Alexander Chancellor

Reasons for feeling Scottish

I was born in England, and this is where I've lived and worked. But that's not the whole story

Shieldhill – the ancestral home of the Chancellor family and the house that links Alexander with Scotland. Photo: Pete Birkinshaw from flickr.com/photos/binaryape/35625924/ (CC BY 2.0) 
issue 20 September 2014

Sometimes I say I’m Scottish, a claim often greeted with understandable derision. I was born in England, in Hertfordshire, went to school and university in England and, apart from some spells abroad as a journalist, have always lived and worked in England. I don’t even have much Scottish blood. My mother was English, from the West Country, and three of my four grandparents were English too. I have no trace of a Scottish accent. I don’t even know Scotland very well. I have never had a home there and have never lived there. As far as Alex Salmond is concerned, I might as well be Lithuanian.

And yet, Scotland is very much part of me. Though it may not sound like it, the name Chancellor is Scottish. It may have had its origins in Normandy, but for centuries the Chancellors lived in Lanarkshire near to the little town of Biggar, halfway between Glasgow and Edinburgh. Since the early 15th century at least, they are recorded as having lived in a house called Shieldhill, now a hotel known as ‘Shieldhill Castle’ (which it isn’t) and oddly described on its website as having been ‘established in 1199’.

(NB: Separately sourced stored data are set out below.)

(* Let $S^1=\mathbb{R}/2\pi\mathbb{Z}$ with coordinate $\theta$, let $T>0$, and let $u:[0,T]\times S^1\to\mathbb{R}$ be a smooth solution of the Camassa-Holm equation (with the coefficients below) $$\partial_t u-\tfrac14\partial_{t\theta\theta}u+3\,\partial_\theta u\,u-\tfrac12\,\partial_{\theta\theta}u\,\partial_\theta u-\tfrac14\,\partial_{\theta\theta\theta}u\,u=0 .$$ Identify $S^1\times(0,\infty)$ with $\mathbb{R}^2\setminus\{0\}$ via polar coordinates $(\theta,r)\mapsto re^{i\theta}$, and define the time-dependent vector field $v$ on $\mathbb{R}^2\setminus\{0\}$ by $$v(t,\theta,r)=u(t,\theta)\,\partial_\theta+\tfrac{r}{2}\,\partial_\theta u(t,\theta)\,\partial_r .$$ Then there exists a smooth function $P:[0,T]\times(\mathbb{R}^2\setminus\{0\})\to\mathbb{R}$ (of the form $P(t,\theta,r)=\tfrac12 r^2p(t,\theta)$ for some smooth $p$) such that $v$ solves the incompressible Euler equation on $\mathbb{R}^2\setminus\{0\}$ with respect to the density $\rho=r^{-4}\,\mathrm{Leb}$: $$\partial_t v+\nabla_v v=-\nabla P,\qquad \nabla\cdot(\rho v)=0,$$ where $\nabla$, $\nabla_v v$ and $\nabla\cdot$ refer to the Euclidean structure of $\mathbb{R}^2$.
   Context: $\mathrm{Leb}$ denotes Lebesgue measure on $\mathbb{R}^2$; in polar coordinates $r^{-4}\mathrm{Leb}=r^{-3}\,\mathrm{d}r\,\mathrm{d}\theta$. The components $u$ and $\tfrac r2\partial_\theta u$ are the components of $v$ in the coordinate frame $(\partial_\theta,\partial_r)$ of polar coordinates. *)

theory Defs
  imports "HOL-Analysis.Analysis"
begin

text \<open>C-infinity smoothness of a real-valued function on a subset S of a Euclidean
  space (derivatives taken within S, so that one-sided derivatives at the boundary
  of a closed time interval are allowed): f is differentiable within S and every
  partial derivative is again smooth on S.\<close>
coinductive smooth_on :: "'a::euclidean_space set \<Rightarrow> ('a \<Rightarrow> real) \<Rightarrow> bool" where
  "\<lbrakk>\<forall>x\<in>S. (f has_derivative f' x) (at x within S);
    \<forall>b\<in>Basis. smooth_on S (\<lambda>x. f' x b)\<rbrakk> \<Longrightarrow> smooth_on S f"

definition dd :: "'a::real_normed_vector set \<Rightarrow> 'a \<Rightarrow> ('a \<Rightarrow> 'b::real_normed_vector) \<Rightarrow> 'a \<Rightarrow> 'b" where
  "dd S v f x = frechet_derivative f (at x within S) v"

text \<open>Domain of u: [0,T] x R (theta is the lifted angle coordinate), as uncurried function.\<close>
definition udom :: "real \<Rightarrow> (real \<times> real) set" where
  "udom T = {0..T} \<times> UNIV"

text \<open>Space-time domain of v: [0,T] x (R^2 - {0}), with R^2 identified with the complex plane.\<close>
definition vdom :: "real \<Rightarrow> (real \<times> complex) set" where
  "vdom T = {0..T} \<times> (UNIV - {0})"

text \<open>The vector field v = u d_theta + (r/2) (d_theta u) d_r written in Euclidean
  coordinates: at z = r e^(i theta), d_theta = i z and d_r = z / r.\<close>
definition vfield :: "real \<Rightarrow> (real \<Rightarrow> real \<Rightarrow> real) \<Rightarrow> real \<times> complex \<Rightarrow> complex" where
  "vfield T u = (\<lambda>(t, z).
     let \<theta> = Arg z; r = cmod z; u\<theta> = dd (udom T) (0, 1) (\<lambda>(s, \<phi>). u s \<phi>) (t, \<theta>)
     in of_real (u t \<theta>) * (\<i> * z) + of_real (r / 2 * u\<theta>) * (z / of_real r))"

definition grad_x :: "real \<Rightarrow> (real \<times> complex \<Rightarrow> real) \<Rightarrow> real \<times> complex \<Rightarrow> complex" where
  "grad_x T P x = (\<Sum>b\<in>Basis. dd (vdom T) (0, b) P x *\<^sub>R b)"

definition div_x :: "real \<Rightarrow> (real \<times> complex \<Rightarrow> complex) \<Rightarrow> real \<times> complex \<Rightarrow> real" where
  "div_x T W x = (\<Sum>b\<in>Basis. dd (vdom T) (0, b) W x \<bullet> b)"

end

theory Submission
  imports Defs
begin

text \<open>In polar coordinates the field \<open>v = u \<partial>\<^sub>\<theta> + (u\<^sub>\<theta>/2) r \<partial>\<^sub>r\<close> has the form
  \<open>a \<partial>\<^sub>\<theta> + b r \<partial>\<^sub>r\<close> with \<open>a, b\<close> depending on \<open>(t, \<theta>)\<close> only. For such fields the Euclidean
  material derivative is \<open>z (\<i> (a\<^sub>t + a a\<^sub>\<theta> + 2 a b) + (b\<^sub>t + a b\<^sub>\<theta> + b\<^sup>2 - a\<^sup>2))\<close> and the
  gradient of \<open>r\<^sup>2 p / 2\<close> is \<open>z (p + \<i> p\<^sub>\<theta> / 2)\<close>. Hence Euler's equation holds with
  \<open>p = a\<^sup>2 - b\<^sub>t - a b\<^sub>\<theta> - b\<^sup>2\<close> as soon as \<open>p\<^sub>\<theta> = -2 (a\<^sub>t + a a\<^sub>\<theta> + 2 a b)\<close>, and for
  \<open>a = u\<close>, \<open>b = u\<^sub>\<theta>/2\<close> this condition is the Camassa-Holm equation, once the mixed partials
  \<open>\<partial>\<^sub>\<theta>\<partial>\<^sub>t\<close> and \<open>\<partial>\<^sub>t\<partial>\<^sub>\<theta>\<close> are known to agree. Similarly
  \<open>div (r\<^sup>-\<^sup>4 (a \<partial>\<^sub>\<theta> + b r \<partial>\<^sub>r)) = r\<^sup>-\<^sup>4 (a\<^sub>\<theta> - 2 b)\<close>, which vanishes for \<open>b = u\<^sub>\<theta>/2\<close>.
  Smoothness of all lifted quantities follows by coinduction over the algebra generated by the
  smooth functions and the lifts.\<close>

section \<open>Smoothness through algebras of functions\<close>

inductive_set fun_algebra :: "('a \<Rightarrow> real) set \<Rightarrow> ('a \<Rightarrow> real) set" for G where
  generator: "g \<in> G \<Longrightarrow> g \<in> fun_algebra G"
| const: "(\<lambda>x. c) \<in> fun_algebra G"
| add: "f \<in> fun_algebra G \<Longrightarrow> g \<in> fun_algebra G \<Longrightarrow> (\<lambda>x. f x + g x) \<in> fun_algebra G"
| mult: "f \<in> fun_algebra G \<Longrightarrow> g \<in> fun_algebra G \<Longrightarrow> (\<lambda>x. f x * g x) \<in> fun_algebra G"

definition partials_in :: "'a::euclidean_space set \<Rightarrow> ('a \<Rightarrow> real) set \<Rightarrow> ('a \<Rightarrow> real) \<Rightarrow> bool" where
  "partials_in S A f \<longleftrightarrow> (\<exists>f'. (\<forall>x\<in>S. (f has_derivative f' x) (at x within S))
      \<and> (\<forall>b\<in>Basis. \<exists>g\<in>A. \<forall>x\<in>S. f' x b = g x))"

lemma partials_inI:
  assumes "\<And>x. x \<in> S \<Longrightarrow> (f has_derivative f' x) (at x within S)"
    and "\<And>b. b \<in> Basis \<Longrightarrow> \<exists>g\<in>A. \<forall>x\<in>S. f' x b = g x"
  shows "partials_in S A f"
  using assms unfolding partials_in_def by blast

lemma partials_in_mono: "partials_in S A f \<Longrightarrow> A \<subseteq> B \<Longrightarrow> partials_in S B f"
  unfolding partials_in_def by blast

lemma smooth_on_cong:
  assumes "smooth_on S g" and "\<And>x. x \<in> S \<Longrightarrow> f x = g x"
  shows "smooth_on S f"
  using assms
proof (coinduction arbitrary: f g)
  case (smooth_on f g)
  from \<open>smooth_on S g\<close> obtain g' where g': "\<forall>x\<in>S. (g has_derivative g' x) (at x within S)"
    "\<forall>b\<in>Basis. smooth_on S (\<lambda>x. g' x b)" by (cases rule: smooth_on.cases) auto
  have "\<forall>x\<in>S. (f has_derivative g' x) (at x within S)"
    using g'(1) smooth_on(2) by (metis has_derivative_transform_within zero_less_one)
  with g'(2) show ?case by blast
qed

lemma smooth_on_partials_in: "smooth_on S f \<Longrightarrow> partials_in S {g. smooth_on S g} f"
  by (erule smooth_on.cases) (auto simp: partials_in_def)

lemma smooth_on_continuous_on: "smooth_on S f \<Longrightarrow> continuous_on S f"
  by (erule smooth_on.cases)
     (auto simp: continuous_on_eq_continuous_within intro: has_derivative_continuous)
definition imprimitive :: "('a \<Rightarrow> 'a) set \<Rightarrow> 'a set \<Rightarrow> bool" where
  "imprimitive G X \<longleftrightarrow> (\<exists>B. is_block G X B \<and> 1 < card B \<and> card B < card X)"

end

theory Submission
  imports Defs "HOL-Algebra.Group_Action" "HOL-Computational_Algebra.Primes"
begin

section \<open>Permutation groups\<close>

definition perm_monoid :: "('a \<Rightarrow> 'a) set \<Rightarrow> ('a \<Rightarrow> 'a) monoid" where
  "perm_monoid H = \<lparr>carrier = H, monoid.mult = (\<circ>), one = id\<rparr>"

definition orb :: "('a \<Rightarrow> 'a) set \<Rightarrow> 'a \<Rightarrow> 'a set" where
  "orb H x = (\<lambda>h. h x) ` H"

definition stab :: "('a \<Rightarrow> 'a) set \<Rightarrow> 'a \<Rightarrow> ('a \<Rightarrow> 'a) set" where
  "stab H x = {h \<in> H. h x = x}"

definition fix_points :: "'a set \<Rightarrow> ('a \<Rightarrow> 'a) \<Rightarrow> 'a set" where
  "fix_points X h = {x \<in> X. h x = x}"

definition common_fix_points :: "'a set \<Rightarrow> ('a \<Rightarrow> 'a) set \<Rightarrow> 'a set" where
  "common_fix_points X H = {x \<in> X. \<forall>h\<in>H. h x = x}"

lemma perm_monoid_funpow: "x [^]\<^bsub>perm_monoid H\<^esub> (n::nat) = x ^^ n"
  by (induction n) (simp_all add: perm_monoid_def funpow_Suc_right del: funpow.simps)

lemma card_fix_points_less:
  assumes "finite X" "g permutes X" "g \<noteq> id"
  shows "card (fix_points X g) < card X"
proof -
  have "fix_points X g \<noteq> X"
    using assms(2,3) by (auto simp: fix_points_def fun_eq_iff dest: permutes_not_in)
  thus ?thesis
    using assms(1) by (intro psubset_card_mono) (auto simp: fix_points_def)
qed

locale perm_group =
  fixes X :: "'a set" and H :: "('a \<Rightarrow> 'a) set"
  assumes permutes: "h \<in> H \<Longrightarrow> h permutes X"
    and id_mem: "id \<in> H"
    and comp_mem: "g \<in> H \<Longrightarrow> h \<in> H \<Longrightarrow> g \<circ> h \<in> H"
    and inv_mem: "h \<in> H \<Longrightarrow> Hilbert_Choice.inv h \<in> H"
begin

lemma image_mem: "h \<in> H \<Longrightarrow> x \<in> X \<Longrightarrow> h x \<in> X"
  using permutes_in_image[OF permutes] by blast

lemma inv_apply: "h \<in> H \<Longrightarrow> Hilbert_Choice.inv h (h x) = x"
  using permutes_inverses(2)[OF permutes] .

lemma apply_inv: "h \<in> H \<Longrightarrow> h (Hilbert_Choice.inv h x) = x"
  using permutes_inverses(1)[OF permutes] .

lemma apply_eq_iff: "h \<in> H \<Longrightarrow> h x = h y \<longleftrightarrow> x = y"
  using permutes_inj[OF permutes] by (metis injD)

lemma group: "group (perm_monoid H)"
proof (rule groupI)
  fix x assume "x \<in> carrier (perm_monoid H)"
  hence "x \<in> H" by (simp add: perm_monoid_def)
  thus "\<exists>y\<in>carrier (perm_monoid H). y \<otimes>\<^bsub>perm_monoid H\<^esub> x = \<one>\<^bsub>perm_monoid H\<^esub>"
    using inv_mem permutes_inv_o(2)[OF permutes] by (auto simp: perm_monoid_def)
qed (simp_all add: perm_monoid_def id_mem comp_mem o_assoc)

lemma restrict_mem_Bij: "h \<in> H \<Longrightarrow> restrict h X \<in> Bij X"
  using permutes_imp_bij[OF permutes] by (simp add: Bij_def bij_betw_cong[of X "restrict h X" h])

lemma group_action: "group_action (perm_monoid H) X (\<lambda>h. restrict h X)"
  unfolding group_action_def group_hom_def
proof (intro conjI group group_BijGroup group_hom_axioms.intro homI)
  fix h assume "h \<in> carrier (perm_monoid H)"
  thus "restrict h X \<in> carrier (BijGroup X)"
    using restrict_mem_Bij by (simp add: perm_monoid_def BijGroup_def)
next
  fix g h assume "g \<in> carrier (perm_monoid H)" "h \<in> carrier (perm_monoid H)"
  hence gh: "g \<in> H" "h \<in> H" by (simp_all add: perm_monoid_def)
  have "compose X (restrict g X) (restrict h X) = restrict (g \<circ> h) X"
    using image_mem[OF gh(2)] by (auto simp: compose_def fun_eq_iff)
  thus "restrict (g \<otimes>\<^bsub>perm_monoid H\<^esub> h) X = restrict g X \<otimes>\<^bsub>BijGroup X\<^esub> restrict h X"
    using restrict_mem_Bij[OF gh(1)] restrict_mem_Bij[OF gh(2)]
    by (simp add: perm_monoid_def BijGroup_def)
qed

lemma card_orb_mult_card_stab:
  assumes "finite H" "x \<in> X"
  shows "card (orb H x) * card (stab H x) = card H"
proof -
  interpret group_action "perm_monoid H" X "\<lambda>h. restrict h X" by (rule group_action)
  have "orbit (perm_monoid H) (\<lambda>h. restrict h X) x = orb H x"
    "stabilizer (perm_monoid H) (\<lambda>h. restrict h X) x = stab H x"
    using assms(2) by (auto simp: orbit_def orb_def stabilizer_def stab_def perm_monoid_def)
  thus ?thesis
    using orbit_stabilizer_theorem[OF assms(2)] by (simp add: order_def perm_monoid_def)
qed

The last member of my family to live there was my grandfather, Sir John Chancellor, who died in 1952 when I was 12 years old. He had been educated in Scotland, at Blair Lodge at Polmont in Stirlingshire, but afterwards became a soldier in the Royal Engineers, rising to the rank of Lieutenant-Colonel, when he was recruited into the British colonial service, serving as governor of three British colonies before ending his career in the 1930s as High Commissioner in Palestine under the British Mandate, a job he used to describe as the same as that of Pontius Pilate.